Based upon management guidance provided in conjunction with the most recent earnings release, I find it difficult to project 2013 FCF / share greater than $1. Therefore, simply maintaining the current payout would take up most of the free cash.
I watch with particular interest the anticipated third quarter dividend declaration. I expect this to come sometime between July 25 and the end of the month. My view is that a token increase is likely. If so, this will further confirm my thinking that the shares will be moribund for the year. It means that the board of directors concur that the business is in a transition mode and cannot afford to raise the dividend "on the come." They will have elected to wait for greater financial clarity on the direction of the business.
Current Analysis: Undetermined outcome, but anticipating a negative result based upon current information
There are two other signals that I believe support my thesis that Intel Corporation (INTC) shares will be range bound for 2013.
First, a look at the share repurchase plan offers some insight. To their credit, Intel Corporation (INTC) directors have previously enacted share buyback plans that actually lowered the number of shares outstanding. While management and employee options were stewed into that mix, the bottom line did show a real reduction in the number of diluted shares outstanding. This has had a net positive impact on EPS.
However, the last two quarters have seen a significant decline the in the number of shares repurchased. This has reversed the downward trajectory of total shares for the first time in a number of years.
Here's a quick chart showing the total shares outstanding at the end of the last several quarters. Notice the totals for the first two quarters of 2013. Indeed, shares outstanding have risen slightly:
Corporate directors have the latitude to apportion shareholder return of capital via dividends and share repurchase. If the board has already knocked back the share repurchase plan, can the dividend be far behind? We shall see.

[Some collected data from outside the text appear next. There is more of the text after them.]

(* Consider a feedforward rectifier network with input dimension $n_0$ and hidden layers $l \in \{1,\dots,L\}$ of widths $n_1,\dots,n_L$, where layer $l$ has weight matrix ${\bm W}^l \in \mathbb{R}^{n_l \times n_{l-1}}$ and bias ${\bm b}^l$, and neuron $i$ of layer $l$ computes $h_i^l = \max\{0, {\bm W}_i^l {\bm h}^{l-1} + {\bm b}_i^l\}$. Suppose each layer has been pruned so that each entry of ${\bm W}^l$ independently remains (is nonzero) with probability $p_l$ (the layer density) and is set to zero with probability $1-p_l$. Let $R(l,d)$ denote the expected (over the sparsity patterns) maximum number of linear regions that can be defined by layers $l, l+1, \dots, L$ when the dimension of the input to layer $l$ is $d$, and let $P(k \mid R, C, S)$ denote the probability that a weight matrix with $R$ rows, $C$ columns and probability $S$ of each element being nonzero has rank $k$. Then \[ R(L,d) \le \sum_{k=0}^{n_L} P(k \mid R = n_L, C = n_{L-1}, S = p_L) \sum_{j=0}^{\min\{k,d\}} \binom{n_L}{j}, \] and for $1 \le l \le L-1$, \[ R(l,d) \le \sum_{k=0}^{n_l} P(k \mid R = n_l, C = n_{l-1}, S = p_l) \sum_{j=0}^{\min\{k,d\}} \binom{n_l}{j}\, R\big(l+1, \min\{n_l - j, d, k\}\big). \]
   Context: A linear region of a ReLU network is a maximal full-dimensional connected set of inputs on which the configuration of active neurons (those with ${\bm W}_i^l {\bm h}^{l-1} + {\bm b}_i^l > 0$) and inactive neurons (those with ${\bm W}_i^l {\bm h}^{l-1} + {\bm b}_i^l < 0$) is constant, so that the network acts as an affine function there; regions lying on activation hyperplanes (where some preactivation is exactly zero throughout) are not counted. Here ${\bm h}^0$ is the network input, ${\bm h}^l$ is the output of layer $l$, and ${\bm W}_i^l$ is the $i$-th row of ${\bm W}^l$. Every sparsity pattern of a given number of nonzeros is regarded as equally probable (random pruning). *)

theory Defs
  imports "HOL-Analysis.Analysis"
begin
lemma centered_gaussian_inner_AE_zero:
  assumes G: "centered_gaussian_law M C" and q: "quad_form C w = 0"
  shows "AE x in M. w \<bullet> x = 0"
proof -
  note meas = centered_gaussian_law_inner_measurable[OF G]
  have "distr M borel (\<lambda>x. w \<bullet> x) = return borel 0"
  proof (rule Levy_uniqueness)
    show "real_distribution (distr M borel (\<lambda>x. w \<bullet> x))"
      using G meas unfolding centered_gaussian_law_def by (simp add: prob_space.real_distribution_distr)
    show "real_distribution (return borel (0::real))"
      by (simp add: real_distribution_def real_distribution_axioms_def prob_space_return)
    show "char (distr M borel (\<lambda>x. w \<bullet> x)) = char (return borel 0)"
      by (simp add: fun_eq_iff centered_gaussian_char_inner[OF G] q char_return)
  qed
  moreover have "AE y in return borel (0::real). y = 0"
    by (rule AE_return[THEN iffD2]) simp_all
  ultimately have "AE y in distr M borel (\<lambda>x. w \<bullet> x). y = 0"
    by (simp only:)
  then show ?thesis
    using meas by (simp add: AE_distr_iff)
qed

lemma centered_gaussian_inner_std_normal:
  assumes G: "centered_gaussian_law M C" and q: "quad_form C w = 1"
  shows "distr M borel (\<lambda>x. w \<bullet> x) = std_normal_distribution"
proof (rule Levy_uniqueness)
  show "real_distribution (distr M borel (\<lambda>x. w \<bullet> x))"
    using G centered_gaussian_law_inner_measurable[OF G] unfolding centered_gaussian_law_def
    by (simp add: prob_space.real_distribution_distr)
  show "real_distribution std_normal_distribution"
    by (rule real_dist_normal_dist)
  show "char (distr M borel (\<lambda>x. w \<bullet> x)) = char std_normal_distribution"
    by (simp add: fun_eq_iff centered_gaussian_char_inner[OF G] q char_std_normal_distribution)
qed
(* Let $n\ge1$, $p\ge4$, $\mathbb{T}^n=\mathbb{R}^n/\mathbb{Z}^n$, and let $b\in C^\infty(\mathbb{T}^n\times[0,\infty);\mathbb{R}^n)$ with $\|b\|_{C^k}<\infty$ for all $k$. Let $W_t$ be a standard $n$-dimensional Brownian motion and for $\varepsilon>0$ let $(X^\varepsilon_t,V^\varepsilon_t)$ solve $dX^\varepsilon_t=V^\varepsilon_tdt$, $dV^\varepsilon_t=\frac1\varepsilon(b(X^\varepsilon_t,t)-V^\varepsilon_t)dt+\sqrt{2/\varepsilon}\,dW_t$, with $X^\varepsilon_0=x$ deterministic and $\tilde V^\varepsilon_0:=V^\varepsilon_0-b(x,0)$ satisfying $\mathbf{E}\tilde V^\varepsilon_0=0$, $\mathbf{E}|\tilde V^\varepsilon_0|^p<\infty$. Then there exists a constant $C>0$, depending only on $b$ (and on $p$ and $\mathbf{E}|\tilde V^\varepsilon_0|^p$), such that for all $t\ge0$ $$\mathbf{E}|V^\varepsilon_t|^p\le C .$$
   Context: For $f$ on $S=\mathbb{T}^n\times[0,\infty)$, $\|f\|_{C^k}=\max_{|\alpha|\le k}\sup_{z\in S}|D^\alpha f(z)|$. $b$ is viewed as $\mathbb{Z}^n$-periodic in $x$ on $\mathbb{R}^n$, positions lifted to $\mathbb{R}^n$. $V^\varepsilon_0$ is measurable with respect to the initial sigma-algebra of the filtration of $W$ (independent of $W$). *)

theory Defs
  imports "HOL-Probability.Probability"
begin

text \<open>b is viewed as a function on R^n x [0,inf), Z^n-periodic in x.\<close>
definition periodic_drift :: "(real^'n \<Rightarrow> real \<Rightarrow> real^'n) \<Rightarrow> bool" where
  "periodic_drift b \<longleftrightarrow>
     (\<forall>x t k. (\<forall>i. k $ i \<in> \<int>) \<longrightarrow> b (x + k) t = b x t)"

text \<open>All iterated partial derivatives (in the n space directions and in time, the
  latter one-sided at t = 0) of every component of b exist on R^n x [0,inf) and are
  bounded there: F is a family containing the components of b, closed under taking
  partial derivatives, consisting of bounded functions.  This is b in C^infinity with
  finite C^k norm for every k.\<close>
definition smooth_bounded :: "(real^'n \<Rightarrow> real \<Rightarrow> real^'n) \<Rightarrow> bool" where
  "smooth_bounded b \<longleftrightarrow>
     (\<exists>F :: (real^'n \<Rightarrow> real \<Rightarrow> real) set.
        (\<forall>i. (\<lambda>x t. b x t $ i) \<in> F) \<and>
        (\<forall>f\<in>F. \<exists>B. \<forall>x t. 0 \<le> t \<longrightarrow> \<bar>f x t\<bar> \<le> B) \<and>
        (\<forall>f\<in>F.
           (\<forall>j. \<exists>g\<in>F. \<forall>x t. 0 \<le> t \<longrightarrow>
                ((\<lambda>h. f (x + h *\<^sub>R axis j 1) t) has_real_derivative g x t) (at 0)) \<and>
           (\<exists>g\<in>F. \<forall>x t. 0 \<le> t \<longrightarrow>
                ((\<lambda>h. f x (t + h)) has_real_derivative g x t) (at 0 within {-t..}))))"

definition std_BM :: "'a measure \<Rightarrow> (real \<Rightarrow> 'a \<Rightarrow> real^'n) \<Rightarrow> bool" where
  "std_BM M W \<longleftrightarrow> prob_space M \<and>
     (\<forall>t. W t \<in> borel_measurable M) \<and>
     (AE \<omega> in M. W 0 \<omega> = 0 \<and> continuous_on {0..} (\<lambda>t. W t \<omega>)) \<and>
     (\<forall>s t. 0 \<le> s \<and> s < t \<longrightarrow>
        prob_space.indep_vars M (\<lambda>_. borel) (\<lambda>i \<omega>. (W t \<omega> - W s \<omega>) $ i) UNIV \<and>
        (\<forall>i. distributed M lborel (\<lambda>\<omega>. (W t \<omega> - W s \<omega>) $ i)
               (normal_density 0 (sqrt (t - s))))) \<and>
     (\<forall>(ts :: nat \<Rightarrow> real) k. 0 \<le> ts 0 \<and> (\<forall>j<k. ts j < ts (Suc j)) \<longrightarrow>
        prob_space.indep_vars M (\<lambda>_. borel)
          (\<lambda>j \<omega>. W (ts (Suc j)) \<omega> - W (ts j) \<omega>) {..<k})"

definition indep_of_BM :: "'a measure \<Rightarrow> (real \<Rightarrow> 'a \<Rightarrow> real^'n) \<Rightarrow> ('a \<Rightarrow> real^'n) \<Rightarrow> bool" where
  "indep_of_BM M W Z \<longleftrightarrow>
     (\<forall>(ts :: nat \<Rightarrow> real) k. 0 \<le> ts 0 \<and> (\<forall>j<k. ts j < ts (Suc j)) \<longrightarrow>
        prob_space.indep_vars M (\<lambda>_. borel)
          (\<lambda>j \<omega>. if j = 0 then Z \<omega> else W (ts j) \<omega> - W (ts (j - 1)) \<omega>) {..k})"

text \<open>(X,V) solves dX = V dt, dV = (1/eps)(b(X,t) - V) dt + sqrt(2/eps) dW, X_0 = x.
  Since the noise is additive, this is the pathwise integral equation.\<close>
definition langevin_solution ::
  "'a measure \<Rightarrow> real \<Rightarrow> (real^'n \<Rightarrow> real \<Rightarrow> real^'n) \<Rightarrow> real^'n \<Rightarrow>
   (real \<Rightarrow> 'a \<Rightarrow> real^'n) \<Rightarrow> (real \<Rightarrow> 'a \<Rightarrow> real^'n) \<Rightarrow> (real \<Rightarrow> 'a \<Rightarrow> real^'n) \<Rightarrow> bool" where
  "langevin_solution M \<epsilon> b x W X V \<longleftrightarrow>
     (\<forall>t. X t \<in> borel_measurable M \<and> V t \<in> borel_measurable M) \<and>
     (AE \<omega> in M. continuous_on {0..} (\<lambda>t. V t \<omega>) \<and>
        (\<forall>t\<ge>0. X t \<omega> = x + integral {0..t} (\<lambda>s. V s \<omega>) \<and>
                V t \<omega> = V 0 \<omega> + integral {0..t} (\<lambda>s. (1 / \<epsilon>) *\<^sub>R (b (X s \<omega>) s - V s \<omega>))
                          + sqrt (2 / \<epsilon>) *\<^sub>R W t \<omega>))"
text \<open>The transvectant is a combination of products (Y^j f)(Y^(s-j) g), where Y = D_X lowers the
weight by 2. Since f is a highest weight vector of weight w, the sl2 relations give
X^k Y^j f = P(k,j) Y^(j-k) f for X = D_Y, with P(k,j) = prod_(i<k) (j-i)(w-j+i+1). This factor
vanishes for k > j and is nonzero for k = j \<le> w. Hence X^k kills every term of the
transvectant when k > s, and for k = s only the term j = s survives, which is a nonzero
multiple of f g.\<close>

text \<open>The derivation x_j d/dx_i, written on coefficient functions.\<close>
definition ps_E :: "'n::finite \<Rightarrow> 'n \<Rightarrow> 'n ps \<Rightarrow> 'n ps" where
  "ps_E i j f = (\<lambda>\<alpha>. if \<alpha> j = 0 then 0
     else (let \<beta> = \<alpha>(j := \<alpha> j - 1) in real (\<beta> i + 1) * f (\<beta>(i := \<beta> i + 1))))"

lemma ps_D_eq_sum_ps_E: "ps_D A f \<alpha> = (\<Sum>i\<in>UNIV. \<Sum>j\<in>UNIV. A$i$j * ps_E i j f \<alpha>)"
  by (simp add: ps_D_def ps_E_def)

lemma ps_E_sum: "ps_E i j (\<lambda>\<gamma>. \<Sum>m\<in>S. h m \<gamma>) \<alpha> = (\<Sum>m\<in>S. ps_E i j (h m) \<alpha>)"
  by (simp add: ps_E_def Let_def sum_distrib_left)

lemma ps_E_scale: "ps_E i j (\<lambda>\<gamma>. c * h \<gamma>) \<alpha> = c * ps_E i j h \<alpha>"
  by (simp add: ps_E_def Let_def algebra_simps)

text \<open>Exponent shifts alpha + e_k - e_j and alpha + e_i + e_k - e_j - e_l are computed in int,
so that the commutator computation reduces to an identity between integer polynomials.\<close>
abbreviation ind :: "bool \<Rightarrow> int" where "ind b \<equiv> of_bool b"

definition shift :: "'n \<Rightarrow> 'n \<Rightarrow> ('n \<Rightarrow> nat) \<Rightarrow> ('n \<Rightarrow> nat)" where
  "shift k j \<alpha> = (\<lambda>t. nat (int (\<alpha> t) + ind (t = k) - ind (t = j)))"

definition shift2 :: "'n \<Rightarrow> 'n \<Rightarrow> 'n \<Rightarrow> 'n \<Rightarrow> ('n \<Rightarrow> nat) \<Rightarrow> ('n \<Rightarrow> nat)" where
  "shift2 i j k l \<alpha> = (\<lambda>t. nat (int (\<alpha> t) + ind (t = i) + ind (t = k) - ind (t = j) - ind (t = l)))"

lemma shift2_commute: "shift2 k l i j \<alpha> = shift2 i j k l \<alpha>"
  by (auto simp: shift2_def fun_eq_iff)

lemma ps_E_eq:
  "ps_E k j f \<alpha> = of_int (ind (int (\<alpha> j) \<ge> 1) * (int (\<alpha> k) - ind (k = j) + 1)) * f (shift k j \<alpha>)"
proof (cases "\<alpha> j = 0")
  case False
  then have "\<alpha>(j := \<alpha> j - 1, k := (\<alpha>(j := \<alpha> j - 1)) k + 1) = shift k j \<alpha>"
    by (auto simp: shift_def fun_eq_iff)
  with False show ?thesis by (auto simp: ps_E_def Let_def)
qed (simp add: ps_E_def)

lemma ps_E_ps_E_eq:
  "ps_E i j (ps_E k l f) \<alpha> =
     of_int (ind (int (\<alpha> j) \<ge> 1) * ind (int (\<alpha> l) - ind (l = j) + ind (l = i) \<ge> 1)
       * (int (\<alpha> i) - ind (i = j) + 1) * (int (\<alpha> k) - ind (k = j) + ind (k = i) - ind (k = l) + 1))
     * f (shift2 i j k l \<alpha>)"
proof (cases "\<alpha> j = 0")
  case False
  have shift_l: "int (shift i j \<alpha> l) = int (\<alpha> l) - ind (l = j) + ind (l = i)"
    and shift_k: "int (shift i j \<alpha> k) = int (\<alpha> k) - ind (k = j) + ind (k = i)"
    using False by (auto simp: shift_def)
  have "ps_E i j (ps_E k l f) \<alpha> = of_int (int (\<alpha> i) - ind (i = j) + 1) * ps_E k l f (shift i j \<alpha>)"
    using False ps_E_eq[of i j "ps_E k l f" \<alpha>] by (simp add: of_nat_diff)
  also have "\<dots> = of_int (int (\<alpha> i) - ind (i = j) + 1) *
      (of_int (ind (int (shift i j \<alpha> l) \<ge> 1) * (int (shift i j \<alpha> k) - ind (k = l) + 1))
       * f (shift k l (shift i j \<alpha>)))"
    by (simp only: ps_E_eq)
  also have "\<dots> = of_int (ind (int (\<alpha> j) \<ge> 1) * ind (int (\<alpha> l) - ind (l = j) + ind (l = i) \<ge> 1)
       * (int (\<alpha> i) - ind (i = j) + 1) * (int (\<alpha> k) - ind (k = j) + ind (k = i) - ind (k = l) + 1))
     * f (shift2 i j k l \<alpha>)"
  proof (cases "int (shift i j \<alpha> l) \<ge> 1")
    case True
    then have "shift k l (shift i j \<alpha>) = shift2 i j k l \<alpha>"
      using False by (auto simp: shift_def shift2_def fun_eq_iff)
    with True False show ?thesis unfolding shift_l shift_k by (simp add: of_nat_diff)
  qed (use shift_l in simp)
  finally show ?thesis .
qed (simp add: ps_E_def)

lemma ps_E_commutator_coeff:
  fixes i j k l :: 'n and a :: "'n \<Rightarrow> int"
  assumes "\<And>t. a t \<ge> 0"
  shows "ind (a j \<ge> 1) * ind (a l - ind (l = j) + ind (l = i) \<ge> 1)
       * (a i - ind (i = j) + 1) * (a k - ind (k = j) + ind (k = i) - ind (k = l) + 1)
     - ind (a l \<ge> 1) * ind (a j - ind (j = l) + ind (j = k) \<ge> 1)
       * (a k - ind (k = l) + 1) * (a i - ind (i = l) + ind (i = k) - ind (i = j) + 1)
     = ind (i = l) * (ind (a j \<ge> 1) * (a k - ind (k = j) + 1))
       - ind (k = j) * (ind (a l \<ge> 1) * (a i - ind (i = l) + 1))"
proof -
  have nonneg_cases: "\<And>t. (1 \<le> a t) = (a t \<noteq> 0)" "\<And>t. (2 \<le> a t) = (a t \<noteq> 0 \<and> a t \<noteq> 1)"
    using assms by (smt (verit))+
  show ?thesis
    using assms[of i] assms[of j] assms[of k] assms[of l]
    by (cases "i = j"; cases "i = k"; cases "i = l"; cases "j = k"; cases "j = l"; cases "k = l")
      (auto simp: of_bool_def algebra_simps nonneg_cases)
qed
(* Let $\mathcal{P}_1,\dots,\mathcal{P}_k$ be finite posets and $\mathbf{T}\in\mathbb{R}^{\mathcal{P}_1\times\cdots\times\mathcal{P}_k}$. If $\mathbf{T}$ has an optimal unconstrained rank-$r$ approximation $\mathbf{T}^{(r)}$, i.e. a minimizer of $\Vert\mathbf{T}-\boldsymbol\theta\Vert_F^2$ over all tensors $\boldsymbol\theta$ of (real CP) rank at most $r$, and $\mathbf{T}^{(r)}\in\mathcal{N}_{\le r}$, then $\mathbf{T}^{(r)}$ is a minimizer of $\Vert\mathbf{T}-\boldsymbol\theta\Vert_F^2$ over $\boldsymbol\theta\in\mathcal{N}_{\le r}$. For matrices ($k=2$), if the best rank-at-most-two approximation $\mathbf{T}^{(2)}$ satisfies $\mathbf{T}^{(2)}\in\mathcal{N}_{<\infty}$, then $\mathbf{T}^{(2)}$ is a minimizer of $\Vert\mathbf{T}-\boldsymbol\theta\Vert_F^2$ over $\boldsymbol\theta\in\mathcal{N}_{\le 2}$.
   Context: For a finite poset $\mathcal{Q}$, the order cone $\mathcal{C}(\mathcal{Q})$ is the set of $\mathbf{f}\in\mathbb{R}^{\mathcal{Q}}$ with $f_x\ge0$ for all $x$ and $f_x\le f_y$ whenever $x\preceq y$. $\mathcal{N}_{\le r}$ is the set of tensors of the form $\sum_{i=1}^r\otimes_{j=1}^k\mathbf{v}^{(ij)}$ with $\mathbf{v}^{(ij)}\in\mathcal{C}(\mathcal{P}_j)$, and $\mathcal{N}_{<\infty}=\bigcup_r\mathcal{N}_{\le r}$. The real (CP) rank of a tensor is the minimal number of real rank-one tensors $\otimes_j\mathbf{v}^{(j)}$ summing to it. $\Vert\cdot\Vert_F$ is the Frobenius norm. *)

theory Defs
  imports Complex_Main "HOL-Library.FuncSet"
begin
lemma mult_pseudo_uniformizer_powr:
  assumes "is_ring_norm nrm" "0 < s" "mult_pseudo_uniformizer nrm w"
  shows "mult_pseudo_uniformizer (\<lambda>r. nrm r powr s) w"
proof -
  interpret ring_norm nrm by (rule ring_norm.intro) fact
  have "nrm w powr s < 1 powr s"
    using assms mult_pseudo_uniformizer_pos[OF assms(3)]
    by (intro powr_less_mono2) (auto simp: mult_pseudo_uniformizer_def)
  then show ?thesis
    using assms(3) nonneg by (simp add: mult_pseudo_uniformizer_def powr_mult)
qed

lemma bounded_equivalent_powr:
  assumes "bounded_equivalent n1 n2" "\<forall>r. 0 \<le> n1 r" "0 < s"
  shows "bounded_equivalent (\<lambda>r. n1 r powr s) (\<lambda>r. n2 r powr s)"
proof -
  obtain C1 C2 where C: "C1 > 0" "C2 > 0" "\<forall>r. C1 * n1 r \<le> n2 r \<and> n2 r \<le> C2 * n1 r"
    using assms(1) unfolding bounded_equivalent_def by blast
  have "C1 powr s * n1 r powr s \<le> n2 r powr s \<and> n2 r powr s \<le> C2 powr s * n1 r powr s" for r
  proof -
    have "0 \<le> C1 * n1 r" "C1 * n1 r \<le> n2 r" "n2 r \<le> C2 * n1 r" using C assms(2) by auto
    then have "(C1 * n1 r) powr s \<le> n2 r powr s" "n2 r powr s \<le> (C2 * n1 r) powr s"
      using assms(3) by (simp_all add: powr_mono2)
    then show ?thesis using C assms(2) by (simp add: powr_mult)
  qed
  then show ?thesis
    unfolding bounded_equivalent_def using C by (intro exI[of _ "C1 powr s"] exI[of _ "C2 powr s"]) auto
qed

lemma norm_complete_powr:
  assumes "norm_complete nrm" "\<forall>r. 0 \<le> nrm r" "0 < s"
  shows "norm_complete (\<lambda>r. nrm r powr s)"
  unfolding norm_complete_def
proof (intro allI impI)
  fix X :: "nat \<Rightarrow> 'a"
  assume cauchy: "\<forall>e>0. \<exists>N. \<forall>m\<ge>N. \<forall>n\<ge>N. nrm (X m - X n) powr s < e"
  have "\<exists>N. \<forall>m\<ge>N. \<forall>n\<ge>N. nrm (X m - X n) < e" if "e > 0" for e
  proof -
    obtain N where "\<forall>m\<ge>N. \<forall>n\<ge>N. nrm (X m - X n) powr s < e powr s"
      using cauchy[rule_format, of "e powr s"] \<open>e > 0\<close> by auto
    then show ?thesis using assms(2,3) \<open>e > 0\<close> by (metis powr_less_cancel2 less_eq_real_def)
  qed
  then obtain L where "(\<lambda>n. nrm (X n - L)) \<longlonglongrightarrow> 0"
    using assms(1) unfolding norm_complete_def by blast
  then have "(\<lambda>n. nrm (X n - L) powr s) \<longlonglongrightarrow> 0"
    using assms(2,3) by (intro tendsto_zero_powrI[OF _ tendsto_const]) auto
  then show "\<exists>L. (\<lambda>n. nrm (X n - L) powr s) \<longlonglongrightarrow> 0" by blast
qed

lemma norm_complete_bounded_equivalent:
  assumes "bounded_equivalent n1 n2" "norm_complete n1" "\<forall>r. 0 \<le> n1 r"
  shows "norm_complete n2"
  unfolding norm_complete_def
proof (intro allI impI)
  obtain C1 C2 where C: "C1 > 0" "C2 > 0" "\<And>r. C1 * n1 r \<le> n2 r" "\<And>r. n2 r \<le> C2 * n1 r"
    using assms(1) unfolding bounded_equivalent_def by blast
  fix X :: "nat \<Rightarrow> 'a"
  assume cauchy: "\<forall>e>0. \<exists>N. \<forall>m\<ge>N. \<forall>n\<ge>N. n2 (X m - X n) < e"
  have "\<exists>N. \<forall>m\<ge>N. \<forall>n\<ge>N. n1 (X m - X n) < e" if "e > 0" for e
  proof -
    obtain N where "\<forall>m\<ge>N. \<forall>n\<ge>N. n2 (X m - X n) < C1 * e"
      using cauchy[rule_format, of "C1 * e"] C(1) \<open>e > 0\<close> by auto
    then show ?thesis using C(1,3) by (metis mult_less_cancel_left_pos order_le_less_trans)
  qed
  then obtain L where L: "(\<lambda>n. n1 (X n - L)) \<longlonglongrightarrow> 0"
    using assms(2) unfolding norm_complete_def by blast
  have "(\<lambda>n. n2 (X n - L)) \<longlonglongrightarrow> 0"
  proof (rule tendsto_sandwich[OF _ _ tendsto_const])
    show "(\<lambda>n. C2 * n1 (X n - L)) \<longlonglongrightarrow> 0" using tendsto_mult_right_zero[OF L] .
    show "\<forall>\<^sub>F n in sequentially. 0 \<le> n2 (X n - L)"
      using C(1,3) assms(3) by (metis always_eventually mult_nonneg_nonneg less_imp_le order_trans)
  qed (use C(4) in auto)
  then show "\<exists>L. (\<lambda>n. n2 (X n - L)) \<longlonglongrightarrow> 0" by blast
qed

section \<open>The operator norm of an equivalent module norm\<close>

definition operator_norm :: "('a::comm_ring_1 \<Rightarrow> real) \<Rightarrow> 'a \<Rightarrow> real" where
  "operator_norm N r = (SUP y\<in>- {0}. N (r * y) / N y)"

locale equivalent_module_norm = ring_norm nrm for nrm :: "'a::comm_ring_1 \<Rightarrow> real" +
  fixes N :: "'a \<Rightarrow> real" and K :: real
  assumes le_N: "nrm y \<le> N y"
    and N_le: "N y \<le> K * nrm y"
    and N_add: "N (y + z) \<le> max (N y) (N z)"
    and N_mult: "N (r * y) \<le> nrm r * N y"
begin

lemma N_nonneg: "0 \<le> N y"
  using le_N[of y] nonneg[of y] by linarith

lemma N_pos: "y \<noteq> 0 \<Longrightarrow> 0 < N y"
  using le_N[of y] nonneg[of y] eq_0_iff[of y] by linarith

lemma N_zero: "N 0 = 0"
  using N_le[of 0] N_nonneg[of 0] by (simp add: zero)

lemma K_pos: "0 < K"
proof -
  have "N 1 \<le> K" using N_le[of 1] by (simp add: one)
  then show ?thesis using le_N[of 1] one by linarith
qed

lemma N_minus: "N (- y) = N y"
proof -
  have le: "N (- z) \<le> N z" for z
    using N_mult[of "- 1" z] by (simp add: minus one)
  show ?thesis using le[of y] le[of "- y"] by simp
qed

lemma operator_norm_upper:
  assumes "y \<noteq> 0"
  shows "N (r * y) / N y \<le> operator_norm N r"
  unfolding operator_norm_def
proof (rule cSUP_upper)
  have "N (r * z) / N z \<le> nrm r" if "z \<noteq> 0" for z
    using N_mult[of r z] N_pos[OF that] by (simp add: pos_divide_le_eq)
  then show "bdd_above ((\<lambda>y. N (r * y) / N y) ` (- {0}))" by (intro bdd_aboveI2) auto
qed (use assms in simp)

lemma nonzero_elements_nonempty: "- {0::'a} \<noteq> {}"
proof -
  have "(1::'a) \<in> - {0}" by (simp add: one_nonzero)
  then show ?thesis by blast
qed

Finally, I believe the appointment of new CEO Brian Krzanich will have the general effect of dampening FY 2013. This isn't a knock on Mr. Krzanich at all. Wise new CEOs rarely come in and try to make an immediate "big splash." They listen, learn, and assemble the leadership team they want. This take a good six months to a year. In the meantime, the general mantra is keep corporate affairs tracked, execute current strategies, but don't turn everything upside down and dump it out on the floor.
My expectations for Krzanich runs along these lines.
While I understand Intel Corporation (INTC)'s general business, I am not a semiconductor technical expert. I try to evaluate businesses by focusing upon several key benchmarks that I believe are proxies for the overall health of the enterprise. In the case of Intel, I see the aforementioned metrics as appropriate.
My current analysis of these benchmarks lead me to the conclusion that 2013 will be a trough year for the company. Do I see a corporate collapse? No. Do I envision a powerful second half upswing? No.
Having bought shares some time ago, I plan to hold the stock, collect the dividend, perhaps write some call options, and "wait till next year."
Please do your own careful due diligence before making any investment. Good luck on all your 2013 investments.
Additional disclosure: I am long both Intel common stock and long call options.